This guy was this really sweet English guy and he was also quite inexperienced as far as relationships and being gay. He was like: "Oh my God, you’re so sexy, I can’t believe you want to be with me!" and I was like, "I don’t know what you’re talking about, you’re pretty good-looking yourself!" He was only supposed to be living in Australia for a year and I think, after the first three months or so, I said how about we try this whole Talk, Test, Test, Trust thing? I explained it to him by reading out of this article in the Sydney Star Observer. He said that would be great; let’s give it a go.
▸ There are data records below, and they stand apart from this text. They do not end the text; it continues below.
(* Consider the LPP model where $(x_k(0))_{k\in\mathbb{Z}}$ are integers with $x_{k+1}(0)<x_k(0)$ for all $k$, $x_0(0)=1$, $x_1(0)<-1$, and $\omega_{i,j}$ are independent exponential random variables with rate $v_j>0$. Let $\phi_n=(I_n,J_n)$ be its competition interface. Let $n,M\in\mathbb{N}$ with $M\le n-1$. Then $$\mathbb{P}\big((M,n-M)\in\Gamma_-^\infty\big)\le\mathbb{P}\big(I_n-J_n\le -n+2M\big)\le\mathbb{P}\big((M+1,n-M-1)\in\Gamma_-^\infty\big).$$
   Context: LPP: for independent nonnegative $\{\omega_{i,j}\}$, an up-right path is a sequence of points of $\mathbb{Z}^2$ with increments in $\{(1,0),(0,1)\}$; $L_{S_A\to S_E}=\max_\pi\sum_{(i,j)\in\pi\setminus S_A}\omega_{i,j}$ over up-right paths starting in $S_A$ and ending in $S_E$ ($-\infty$ if none). $\mathcal{L}^+=\{(k+x_k(0),k):k>0\}$, $\mathcal{L}^-=\{(k+x_k(0),k):k\le0\}$. $\Gamma_+^\infty=\{(i,j):L_{\mathcal{L}^+\to(i,j)}>L_{\mathcal{L}^-\to(i,j)}\}$, $\Gamma_-^\infty=\{(i,j):L_{\mathcal{L}^-\to(i,j)}>L_{\mathcal{L}^+\to(i,j)}\}$. Competition interface: $\phi_0=(0,0)$, $\phi_{n+1}=\phi_n+(1,0)$ if $\phi_n+(1,1)\in\Gamma_+^\infty$, $\phi_{n+1}=\phi_n+(0,1)$ if $\phi_n+(1,1)\in\Gamma_-^\infty$, and $\phi_n=(I_n,J_n)$. *)

theory Defs
  imports "HOL-Probability.Probability"
begin

type_synonym pt = "int \<times> int"

definition up_right_path :: "pt list \<Rightarrow> bool" where
  "up_right_path p \<longleftrightarrow> p \<noteq> [] \<and>
     (\<forall>i. Suc i < length p \<longrightarrow>
        p ! Suc i = (fst (p ! i) + 1, snd (p ! i)) \<or> p ! Suc i = (fst (p ! i), snd (p ! i) + 1))"

text \<open>Last passage value L from S_A to S_E for a weight configuration w
  (supremum in the extended reals; the supremum of the empty set is minus infinity).\<close>
definition LPP :: "(pt \<Rightarrow> real) \<Rightarrow> pt set \<Rightarrow> pt set \<Rightarrow> ereal" where
  "LPP w SA SE = (SUP p \<in> {p. up_right_path p \<and> hd p \<in> SA \<and> last p \<in> SE}.
                     ereal (\<Sum>q \<in> set p - SA. w q))"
I had no idea what it meant to be in a relationship really, so I don’t know if we talked about the whole idea of having sex outside the relationship, because it was not going to be an option for me.

What if?

We got tested together: that was the first time I’d been tested, which was really scary, because, oh my God, what if I had it? (HIV). But I didn’t have it; everything came up clear, including STIs. We got tested again three months later and the tests were all clear again. We started having sex without condoms for a period of three or four months, but then he was leaving. That was all sadness, but I felt that this relationship allowed me to get a little more comfortable in my own skin. (Negotiated safety)
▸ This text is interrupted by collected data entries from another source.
(* Let $\lambda>0$, $p\in(0,1)$, let $B\ge1$ be an integer, $\alpha>2$, $d>0$, $\theta>0$, $R=\log(1+\theta)$, $\lambda_{max}=\frac{1}{d^2\theta^{2/\alpha}\kappa(\alpha)}$ with $\kappa(\alpha)=\frac{2\pi^2}{\alpha\sin(2\pi/\alpha)}$. Let $f_B:[0,1]\to\mathbb{R}$ be as defined in the context and $$C_B(q)=\lambda f_B(q)\exp\!\Big(-\frac{\lambda f_B(q)}{\lambda_{max}}\Big)R .$$ If there exists $\hat q\in[0,1]$ with $f_B(\hat q)=\frac{\lambda_{max}}{\lambda}$, then $q^\star=\hat q$ maximizes $C_B$ over $[0,1]$; otherwise $q^\star=1$ maximizes $C_B$ over $[0,1]$.
   Context: For $q\in(0,1]$ define $r_B(q)$ by: if $B=1$, $r_1(q)=\frac{p}{p+q-pq}$; if $B>1$ and $q\ne p$, $r_B(q)=\frac{\frac{p}{q}(1-\rho^B)}{1-\frac{p}{q}\rho^B}$ with $\rho=\frac{p(1-q)}{q(1-p)}$; if $B>1$ and $q=p$, $r_B(p)=\frac{B}{B+1-p}$. Set $f_B(q)=q\,r_B(q)$ for $q\in(0,1]$ and $f_B(0)=0$. Model: transmitters form a homogeneous Poisson point process of density $\lambda$ in $\mathbb{R}^2$, each with receiver at distance $d$, path-loss exponent $\alpha$, Rayleigh fading, success if SIR exceeds $\theta$; each transmitter harvests one energy unit per slot with probability $p$, stores it in a battery of capacity $B$, and when the battery is nonempty transmits with unit power with ALOHA probability $q$. Then $r_B(q)$ is the stationary probability that the battery is nonempty and $C_B(q)$ is the transmission capacity; the optimal ALOHA probability maximizes $C_B$. *)

theory Defs
  imports "HOL-Analysis.Analysis"
begin

text \<open>Stationary probability that the battery is nonempty (capacity B, harvest prob p, ALOHA prob q).\<close>
definition r_B :: "real \<Rightarrow> nat \<Rightarrow> real \<Rightarrow> real" where
  "r_B p B q =
     (if B = 1 then p / (p + q - p * q)
      else if q \<noteq> p then
        (let \<rho> = (p * (1 - q)) / (q * (1 - p))
         in ((p / q) * (1 - \<rho> ^ B)) / (1 - (p / q) * \<rho> ^ B))
      else real B / (real B + 1 - p))"

definition f_B :: "real \<Rightarrow> nat \<Rightarrow> real \<Rightarrow> real" where
  "f_B p B q = (if q = 0 then 0 else q * r_B p B q)"

definition kappa :: "real \<Rightarrow> real" where
  "kappa \<alpha> = 2 * pi ^ 2 / (\<alpha> * sin (2 * pi / \<alpha>))"

definition lambda_max :: "real \<Rightarrow> real \<Rightarrow> real \<Rightarrow> real" where
  "lambda_max d \<theta> \<alpha> = 1 / (d ^ 2 * \<theta> powr (2 / \<alpha>) * kappa \<alpha>)"

definition C_B :: "real \<Rightarrow> real \<Rightarrow> nat \<Rightarrow> real \<Rightarrow> real \<Rightarrow> real \<Rightarrow> real \<Rightarrow> real" where
  "C_B lam p B \<alpha> d \<theta> q =
     lam * f_B p B q * exp (- lam * f_B p B q / lambda_max d \<theta> \<alpha>) * ln (1 + \<theta>)"

end

theory Submission
  imports Defs
begin

text \<open>
  Writing \<open>y(q) = \<lambda> f\<^sub>B(q) / \<lambda>\<^sub>m\<^sub>a\<^sub>x\<close>, the capacity is a positive multiple of
  \<open>y e\<^sup>-\<^sup>y\<close>, which is increasing on \<open>(-\<infinity>, 1]\<close> with global maximum at \<open>y = 1\<close>.
  Clearing denominators in \<open>r\<^sub>B\<close> shows that \<open>f\<^sub>B\<close> is a rational function with nonvanishing
  denominator on \<open>[0, 1]\<close>, so it is continuous there, takes values in \<open>[0, p]\<close>,
  and \<open>f\<^sub>B(0) = 0\<close>, \<open>f\<^sub>B(1) = p\<close>. Hence the level \<open>y = 1\<close> is reached iff
  \<open>\<lambda>\<^sub>m\<^sub>a\<^sub>x / \<lambda> \<le> p\<close>; otherwise \<open>y < 1\<close> throughout and \<open>y\<close> is largest at \<open>q = 1\<close>.
\<close>

lemma mult_exp_neg_le_exp_neg_one: "(x::real) * exp (- x) \<le> exp (- 1)"
proof -
  have "x * exp (- x) \<le> exp (x - 1) * exp (- x)"
    using exp_ge_add_one_self[of "x - 1"] by (simp add: mult_right_mono)
  also have "\<dots> = exp (- 1)" by (simp flip: exp_add)
  finally show ?thesis .
qed

lemma mult_exp_neg_mono:
  fixes x y :: real
  assumes "x \<le> y" "y \<le> 1"
  shows "x * exp (- x) \<le> y * exp (- y)"
proof (rule DERIV_nonneg_imp_nondecreasing[OF \<open>x \<le> y\<close>])
  fix t assume "t \<le> y"
  then have "0 \<le> (1 - t) * exp (- t)" using \<open>y \<le> 1\<close> by simp
  moreover have "((\<lambda>t. t * exp (- t)) has_real_derivative (1 - t) * exp (- t)) (at t)"
    by (auto intro!: derivative_eq_intros simp: algebra_simps)
  ultimately show "\<exists>D. ((\<lambda>t. t * exp (- t)) has_real_derivative D) (at t) \<and> 0 \<le> D"
    by blast
qed

text \<open>\<open>battery_sum p B q = (b\<^sup>B - a\<^sup>B) / (b - a)\<close> for \<open>a = p(1-q)\<close>, \<open>b = q(1-p)\<close>;
  the ratio \<open>\<rho>\<close> in \<open>r\<^sub>B\<close> is \<open>a / b\<close>.\<close>
definition battery_sum :: "real \<Rightarrow> nat \<Rightarrow> real \<Rightarrow> real" where
  "battery_sum p B q = (\<Sum>i<B. (p * (1 - q)) ^ (B - Suc i) * (q * (1 - p)) ^ i)"

lemma battery_sum_nonneg:
  assumes "0 \<le> p" "p \<le> 1" "0 \<le> q" "q \<le> 1"
  shows "0 \<le> battery_sum p B q"
  unfolding battery_sum_def using assms by (intro sum_nonneg) simp

lemma battery_sum_one: "B \<ge> 1 \<Longrightarrow> battery_sum p B 1 = (1 - p) ^ (B - 1)"
  unfolding battery_sum_def
  by (subst sum.remove[of _ "B - 1"]) (auto intro!: sum.neutral)

lemma battery_sum_diag: "battery_sum p B p = real B * (p * (1 - p)) ^ (B - 1)"
  unfolding battery_sum_def by (simp add: power_add[symmetric] mult.commute)

lemma f_B_denominator_pos:
  assumes "0 < p" "p < 1" "0 \<le> q" "q \<le> 1" "B \<ge> 1"
  shows "0 < q * battery_sum p B q + (p * (1 - q)) ^ B"
proof (cases "q = 1")
  case True
  then show ?thesis using assms by (simp add: battery_sum_one zero_power)
next
  case False
  then have "0 < (p * (1 - q)) ^ B" using assms by simp
  moreover have "0 \<le> q * battery_sum p B q" using battery_sum_nonneg assms by simp
  ultimately show ?thesis by linarith
qed

lemma f_B_rational:
  assumes "0 < p" "p < 1" "0 \<le> q" "q \<le> 1" "B \<ge> 1"
  shows "f_B p B q = p * q * battery_sum p B q / (q * battery_sum p B q + (p * (1 - q)) ^ B)"
    (is "_ = p * q * ?S / ?D")
proof -
  define a where "a = p * (1 - q)"
  define b where "b = q * (1 - p)"
  have D_pos: "0 < ?D" using f_B_denominator_pos[OF assms] .
  have geometric: "b ^ B - a ^ B = (q - p) * ?S"
    unfolding battery_sum_def a_def[symmetric] b_def[symmetric] power_diff_sumr2
    by (simp add: a_def b_def algebra_simps)
  consider "q = 0" | "q \<noteq> 0" "B = 1" | "q \<noteq> 0" "B \<noteq> 1" "q = p" | "q \<noteq> 0" "B \<noteq> 1" "q \<noteq> p"
    by blast
  then show ?thesis
  proof cases
    case 1
    then show ?thesis by (simp add: f_B_def)
  next
    case 2
    then show ?thesis using D_pos
      by (simp add: f_B_def r_B_def battery_sum_def field_simps)
  next
    case 3
    define Q where "Q = (p * (1 - p)) ^ (B - 1)"
    have "0 < Q" using assms by (simp add: Q_def)
    have num: "p * q * ?S = (p * Q) * (real B * p)"
      using 3 by (simp add: battery_sum_diag Q_def)
    have "(p * (1 - q)) ^ B = p * (1 - p) * Q"
      using 3 \<open>B \<ge> 1\<close> by (simp add: Q_def power_eq_if)
    then have den: "?D = (p * Q) * (real B + 1 - p)"
      using 3 by (simp add: battery_sum_diag Q_def algebra_simps)
    have "p * q * ?S / ?D = p * (real B / (real B + 1 - p))"
      unfolding num den using \<open>0 < Q\<close> \<open>0 < p\<close> by simp
    then show ?thesis using 3 by (simp add: f_B_def r_B_def)
  next
    case 4
    have "0 < b" using 4 assms by (simp add: b_def)
    have bB: "b ^ B = a ^ B + (q - p) * ?S" using geometric by simp
    have den: "q * b ^ B - p * a ^ B = (q - p) * ?D"
      unfolding bB a_def by (simp add: algebra_simps)
    then have "q * b ^ B - p * a ^ B \<noteq> 0" using 4 D_pos by simp
    then have "f_B p B q = p * q * (b ^ B - a ^ B) / (q * b ^ B - p * a ^ B)"
      using 4 \<open>0 < b\<close>
      by (simp add: f_B_def r_B_def Let_def a_def[symmetric] b_def[symmetric] power_divide
          field_simps)
    also have "\<dots> = p * q * ?S / ?D"
      unfolding geometric den using 4 by simp
    finally show ?thesis .
  qed
qed

lemma f_B_one: "0 < p \<Longrightarrow> p < 1 \<Longrightarrow> B \<ge> 1 \<Longrightarrow> f_B p B 1 = p"
  unfolding f_B_def r_B_def by (auto simp: Let_def power_0_left)

lemma f_B_bounds:
  assumes "0 < p" "p < 1" "0 \<le> q" "q \<le> 1" "B \<ge> 1"
  shows "0 \<le> f_B p B q" "f_B p B q \<le> p"
proof -
  let ?S = "battery_sum p B q" and ?D = "q * battery_sum p B q + (p * (1 - q)) ^ B"
  have "0 < ?D" using f_B_denominator_pos[OF assms] .
  moreover have "0 \<le> p * q * ?S" using battery_sum_nonneg assms by simp
  moreover have "p * q * ?S \<le> p * ?D" using assms by (simp add: algebra_simps)
  ultimately show "0 \<le> f_B p B q" "f_B p B q \<le> p"
    unfolding f_B_rational[OF assms] by (simp_all add: divide_le_eq)
qed

lemma continuous_on_f_B:
  assumes "0 < p" "p < 1" "B \<ge> 1"
  shows "continuous_on {0..1} (f_B p B)"
proof -
  have "continuous_on {0..1} (\<lambda>q. p * q * battery_sum p B q
                                     / (q * battery_sum p B q + (p * (1 - q)) ^ B))"
    unfolding battery_sum_def
    using f_B_denominator_pos[OF assms(1,2) _ _ assms(3)]
    by (intro continuous_intros) (auto simp: battery_sum_def less_le)
  then show ?thesis
    by (rule continuous_on_eq) (metis atLeastAtMost_iff f_B_rational assms)
qed

lemma f_B_image:
  assumes "0 < p" "p < 1" "B \<ge> 1"
  shows "f_B p B ` {0..1} = {0..p}"
proof
  show "f_B p B ` {0..1} \<subseteq> {0..p}" using f_B_bounds assms by auto
next
  show "{0..p} \<subseteq> f_B p B ` {0..1}"
  proof
    fix y assume "y \<in> {0..p}"
    moreover have "f_B p B 0 = 0" by (simp add: f_B_def)
    ultimately obtain q where "0 \<le> q" "q \<le> 1" "f_B p B q = y"
      using IVT'[of "f_B p B" 0 y 1] f_B_one continuous_on_f_B assms by auto
    then show "y \<in> f_B p B ` {0..1}" by force
  qed
qed

lemma lambda_max_pos:
  assumes "\<alpha> > 2" "d > 0" "\<theta> > 0"
  shows "lambda_max d \<theta> \<alpha> > 0"
proof -
  have "2 * pi / \<alpha> < pi" using assms by (simp add: divide_less_eq)
  then have "sin (2 * pi / \<alpha>) > 0" using assms by (intro sin_gt_zero) auto
  then have "kappa \<alpha> > 0" using assms by (simp add: kappa_def)
  then show ?thesis using assms by (simp add: lambda_max_def)
qed

lemma C_B_eq_scaled:
  assumes "lambda_max d \<theta> \<alpha> \<noteq> 0" "y = lam * f_B p B q / lambda_max d \<theta> \<alpha>"
  shows "C_B lam p B \<alpha> d \<theta> q = lambda_max d \<theta> \<alpha> * ln (1 + \<theta>) * (y * exp (- y))"
proof -
  have "- lam * f_B p B q / lambda_max d \<theta> \<alpha> = - y" using assms by simp
  then show ?thesis using assms by (simp add: C_B_def)
qed

theorem theorem2:
  fixes lam p \<alpha> d \<theta> :: real and B :: nat
  assumes "lam > 0" and "0 < p" and "p < 1" and "B \<ge> 1"
    and "\<alpha> > 2" and "d > 0" and "\<theta> > 0"
  shows "((\<exists>qh\<in>{0..1}. f_B p B qh = lambda_max d \<theta> \<alpha> / lam) \<longrightarrow>
            (\<forall>qh\<in>{0..1}. f_B p B qh = lambda_max d \<theta> \<alpha> / lam \<longrightarrow>
               (\<forall>q\<in>{0..1}. C_B lam p B \<alpha> d \<theta> q \<le> C_B lam p B \<alpha> d \<theta> qh)))
       \<and> ((\<not> (\<exists>qh\<in>{0..1}. f_B p B qh = lambda_max d \<theta> \<alpha> / lam)) \<longrightarrow>
            (\<forall>q\<in>{0..1}. C_B lam p B \<alpha> d \<theta> q \<le> C_B lam p B \<alpha> d \<theta> 1))"
proof -
  define L where "L = lambda_max d \<theta> \<alpha>"
  define y where "y q = lam * f_B p B q / L" for q
  have "L > 0" using lambda_max_pos assms by (simp add: L_def)
  then have scale: "L * ln (1 + \<theta>) > 0" using assms by simp
  have C: "C_B lam p B \<alpha> d \<theta> q = L * ln (1 + \<theta>) * (y q * exp (- y q))" for q
    using C_B_eq_scaled \<open>L > 0\<close> by (simp add: L_def y_def)
  have "C_B lam p B \<alpha> d \<theta> q \<le> C_B lam p B \<alpha> d \<theta> qh" if "f_B p B qh = L / lam" for q qh
  proof -
    have "y qh = 1" using that \<open>L > 0\<close> assms by (simp add: y_def)
    then show ?thesis
      unfolding C using scale mult_exp_neg_le_exp_neg_one by (intro mult_left_mono) auto
  qed
  moreover have "C_B lam p B \<alpha> d \<theta> q \<le> C_B lam p B \<alpha> d \<theta> 1"
    if "\<not> (\<exists>qh\<in>{0..1}. f_B p B qh = L / lam)" "q \<in> {0..1}" for q
  proof -
    have "L / lam \<notin> {0..p}" using that(1) f_B_image[of p B] assms by force
    then have "lam * p < L" using \<open>L > 0\<close> assms by (auto simp: field_simps)
    then have "y 1 < 1" using f_B_one assms \<open>L > 0\<close> by (simp add: y_def)
    moreover have "y q \<le> y 1"
      using f_B_bounds(2)[of p q B] f_B_one that(2) assms \<open>L > 0\<close>
      by (simp add: y_def divide_right_mono)
    ultimately show ?thesis
      unfolding C using scale mult_exp_neg_mono by (intro mult_left_mono) auto
  qed
  ultimately show ?thesis unfolding L_def by blast
qed

end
I still hadn’t come out at the time so I was still living two lives. I was going to uni and hanging out with my boyfriend and then I’d go to sleep with him and my alarm would go off at 1 a.m. and I’d get in my car and drive home! That was the start of me realising that this was not a sustainable life. My anxiety attacks, my double life: I was going to explode! I was anxious about being caught on Oxford St or getting caught with my boyfriend. I’d hyperventilate and I’d have trouble sleeping; I didn’t know what these symptoms were at the time.

6

I’m going to tell my parents

Chapter:

6. I’m going to tell my parents

Back to top

I was in a serious relationship with a lovely guy I met at a party. He was a surf-lifesaver and was one of those handsome bronzed Aussies. After meeting him I felt like I wanted to start a new life. I wanted to stop getting up in the middle of the night and driving home. I wanted to start sleeping with my partner. I thought he was someone who was – and is – a special person and I just wanted my life, not the two lives any more. That was a really horrible, challenging experience.
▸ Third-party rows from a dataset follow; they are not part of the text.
lemma card_pairs_tdist_less:
  fixes K :: real
  assumes "0 \<le> K"
  shows "real (card {(x, y). x < n \<and> y < n \<and> real (tdist n x y) < K}) \<le> 2 * real n * (K + 1)"
proof -
  have "{(x, y). x < n \<and> y < n \<and> real (tdist n x y) < K}
          = {(x, y). x < n \<and> y < n \<and> tdist n x y < nat \<lceil>K\<rceil>}"
    by (simp add: zless_nat_eq_int_zless less_ceiling_iff)
  then have "card {(x, y). x < n \<and> y < n \<and> real (tdist n x y) < K} \<le> 2 * n * nat \<lceil>K\<rceil>"
    using card_pairs_tdist_less_nat by simp
  then have "real (card {(x, y). x < n \<and> y < n \<and> real (tdist n x y) < K}) \<le> 2 * real n * real (nat \<lceil>K\<rceil>)"
    using of_nat_mono by fastforce
  also have "\<dots> \<le> 2 * real n * (K + 1)"
    using assms by (intro mult_left_mono) linarith+
  finally show ?thesis .
qed

definition arc_misses :: "nat \<Rightarrow> nat \<Rightarrow> nat \<Rightarrow> nat \<Rightarrow> nat set" where
  "arc_misses n x y r = {u. x \<notin> arc n u r \<and> y \<notin> arc n u r}"

definition pair_miss_prob :: "nat pmf \<Rightarrow> nat \<Rightarrow> nat \<Rightarrow> nat \<Rightarrow> ennreal" where
  "pair_miss_prob R n x y = (\<integral>\<^sup>+ r. emeasure (pmf_of_set {0..<n}) (arc_misses n x y r) \<partial>R)"

lemma emeasure_covered_avoids:
  "emeasure (covered R n k) {X. x \<notin> X \<and> y \<notin> X} = pair_miss_prob R n x y ^ k"
proof (induction k)
  case 0
  then show ?case by (simp add: indicator_def)
next
  case (Suc k)
  let ?A = "{X. x \<notin> X \<and> y \<notin> X}"
  have "indicator ?A (C \<union> arc n u r) = (indicator ?A C * indicator (arc_misses n x y r) u :: ennreal)"
    for C u r by (auto simp: indicator_def arc_misses_def)
  then have "emeasure (covered R n (Suc k)) ?A = (\<integral>\<^sup>+C. indicator ?A C * pair_miss_prob R n x y \<partial>covered R n k)"
    by (simp add: nn_integral_cmult pair_miss_prob_def)
  also have "\<dots> = emeasure (covered R n k) ?A * pair_miss_prob R n x y"
    by (simp add: nn_integral_multc)
  finally show ?case using Suc by (simp add: mult.commute)
qed
(* Let $\Theta=\Theta^1\times\cdots\times\Theta^k\subseteq\mathbb{R}^p$ be a Cartesian product of convex sets, let $f:\mathbb{R}^p\to\mathbb{R}$ be continuous, convex and bounded below with a minimizer $\theta^\star$ on $\Theta$, $f^\star\triangleq f(\theta^\star)$, and let $\delta\triangleq 1/k$. Consider the randomized block coordinate scheme: given $\theta_0\in\Theta$, for $n\ge1$ choose a separable majorant function $g_n(\theta)=\sum_{i=1}^kg_n^i(\theta^i)$ in $\mathcal{S}_L(f,\theta_{n-1})$, pick $\hat\imath_n\in\{1,\dots,k\}$ uniformly at random (independently), set $\theta_n^{\hat\imath_n}\in\operatorname{arg\,min}_{\theta^{\hat\imath_n}\in\Theta^{\hat\imath_n}}g_n^{\hat\imath_n}(\theta^{\hat\imath_n})$ and $\theta_n^i=\theta_{n-1}^i$ for $i\ne\hat\imath_n$. (i) Assume there is $R>0$ such that $\|\theta-\theta^\star\|_2\le R$ for all $\theta\in\Theta$ with $f(\theta)\le f(\theta_0)$. Then $(f(\theta_n))_{n\ge0}$ converges almost surely to $f^\star$ and $$\mathbb{E}[f(\theta_n)-f^\star]\le\frac{2LR^2}{2+\delta(n-n_0)}\quad\text{for all }n\ge n_0,$$ where $n_0\triangleq\Big\lceil\log\!\Big(\frac{2(f(\theta_0)-f^\star)}{LR^2}-1\Big)\Big/\log\!\Big(\frac{1}{1-\delta}\Big)\Big\rceil$ if $f(\theta_0)-f^\star>LR^2$ and $n_0\triangleq0$ otherwise. (ii) If $f$ is $\mu$-strongly convex (with no level-set assumption), then $\mathbb{E}[f(\theta_n)-f^\star]\le((1-\delta)+\delta\beta)^n(f(\theta_0)-f^\star)$ for all $n\ge 1$, where $\beta\triangleq\frac{L}{\mu}$ if $\mu>2L$ and $\beta\triangleq1-\frac{\mu}{4L}$ otherwise.
   Context: First-order surrogates: $g:\mathbb{R}^p\to\mathbb{R}$ belongs to $\mathcal{S}_L(f,\kappa)$ if (a) $g(\theta')\ge f(\theta')$ for all $\theta'\in\operatorname{arg\,min}_{\theta\in\Theta}g(\theta)$, and (b) $h\triangleq g-f$ is differentiable with $L$-Lipschitz gradient, $h(\kappa)=0$, $\nabla h(\kappa)=0$. A majorant function satisfies $g\ge f$ everywhere. The minimizers are assumed to exist. *)

theory Defs
  imports "HOL-Analysis.Analysis" "HOL-Probability.Probability"
begin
I thought, OK, I’m going to go in and tell my parents that I want to move out and that will take care of it. And being a Lebanese guy, I was not allowed to move out unless I was getting married. For a 22 year old Lebanese guy to be moving out was unheard of as far as I knew and as far as all the people I knew – my cousins and relatives – were concerned. There was no chance I was going to be allowed, but I thought either I can tell them I want to move out or I can tell them I’m gay. I thought, OK, I’ll start by telling them I’m moving out.

Drama.

There was DRAMA! My sister tried to stop me telling my parents but I didn’t listen to her. I told them I wanted to move out: my father was really angry, as he normally is when he hears something he doesn’t like. My mother was very upset, very emotional. I’ve had a very strong relationship with my Mum: I love my Mum and I still do, but she said something that killed me at the time; she said: "If you tore my chest open right now and pulled my heart out, there wouldn’t be one drop of blood in it right now", referring to what I had done to her. And that was really horrible to hear.

I decided I was going to move out anyway after the trauma of that night and I’d started living with my partner. My parents were like: "Where are you? What’s happening?" I told them I’d moved out and then my uncle told them he thought I was gay. They asked me and I said I was. My father basically said, well, you’re never allowed back in this house.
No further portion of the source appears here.